In the entries below, how many lines hold the word "assms"? Answer with the number only.

[Stored entries]
⁂

lemma klein4_nonzero_avoiding:
  obtains w where "w \<in> carrier klein4" "w \<noteq> (0, 0)" "w \<noteq> v"
proof (cases "v = (1, 0)")
  case True
  then show ?thesis using that[of "(0, 1)"] by (simp add: carrier_Z2)
next
  case False
  then show ?thesis using that[of "(1, 0)"] by (simp add: carrier_Z2)
qed

lemma subgroup_klein4_line:
  assumes "w \<in> carrier klein4"
  shows "subgroup {(0, 0), w} klein4"
proof (rule group.subgroupI[OF group_klein4])
  show "{(0, 0), w} \<subseteq> carrier klein4"
    using assms by simp
  fix a b assume "a \<in> {(0, 0), w}" "b \<in> {(0, 0), w}"
  then show "inv\<^bsub>klein4\<^esub> a \<in> {(0, 0), w}" "a \<otimes>\<^bsub>klein4\<^esub> b \<in> {(0, 0), w}"
    using klein4_inv assms[unfolded carrier_klein4] by auto
qed simp

locale odd_cyclic =
  fixes H :: "('a, 'b) monoid_scheme" and c :: 'a
  assumes group_H: "group H" and finite_carrier_H: "finite (carrier H)"
    and odd_order_H: "odd (order H)"
    and generator: "c \<in> carrier H" and generate_generator: "generate H {c} = carrier H"
begin

abbreviation G :: "((int \<times> int) \<times> 'a) monoid" where
  "G \<equiv> klein4 \<times>\<times> H"

lemma group_G: "group G"
  by (simp add: DirProd_group group_klein4 group_H)

interpretation H: group H by (rule group_H)
interpretation G: group G by (rule group_G)

lemma finite_carrier_G: "finite (carrier G)"
  using finite_carrier_H by (simp add: carrier_Z2)

definition line_subgroup :: "int \<times> int \<Rightarrow> ((int \<times> int) \<times> 'a) set" where
  "line_subgroup w = {(0, 0), w} \<times> carrier H"

lemma subgroup_line_subgroup:
  "w \<in> carrier klein4 \<Longrightarrow> subgroup (line_subgroup w) G"
  unfolding line_subgroup_def
  by (rule DirProd_subgroups[OF group_klein4 subgroup_klein4_line group_H H.subgroup_self])

lemma not_generate_if_subset_line_subgroup:
  assumes "w \<in> carrier klein4" and "Q \<subseteq> line_subgroup w"
  shows "generate G Q \<noteq> carrier G"
proof (rule G.not_generate_if_subset_proper_subgroup[OF assms(2) subgroup_line_subgroup[OF assms(1)]])
  obtain u where "u \<in> carrier klein4" "u \<noteq> (0, 0)" "u \<noteq> w"
    by (rule klein4_nonzero_avoiding)
  then have "(u, \<one>\<^bsub>H\<^esub>) \<in> carrier G - line_subgroup w"
    by (auto simp: line_subgroup_def)
  then show "line_subgroup w \<noteq> carrier G"
    by blast
qed

lemma card_line_subgroup_zero: "card (line_subgroup (0, 0)) = order H"
  by (simp add: line_subgroup_def order_def card_cartesian_product)

lemma nat_pow_order_H:
  assumes "v \<in> carrier klein4" and "h \<in> carrier H"
  shows "(v, h) [^]\<^bsub>G\<^esub> order H = (v, \<one>\<^bsub>H\<^esub>)"
    and "(v, h) [^]\<^bsub>G\<^esub> Suc (order H) = ((0, 0), h)"
  using assms odd_order_H H.pow_order_eq_1[OF assms(2)]
  by (simp_all add: nat_pow_DirProd klein4_nat_pow del: nat_pow_Suc)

⁂

*RESULT OF THIS EXERCISE*.
4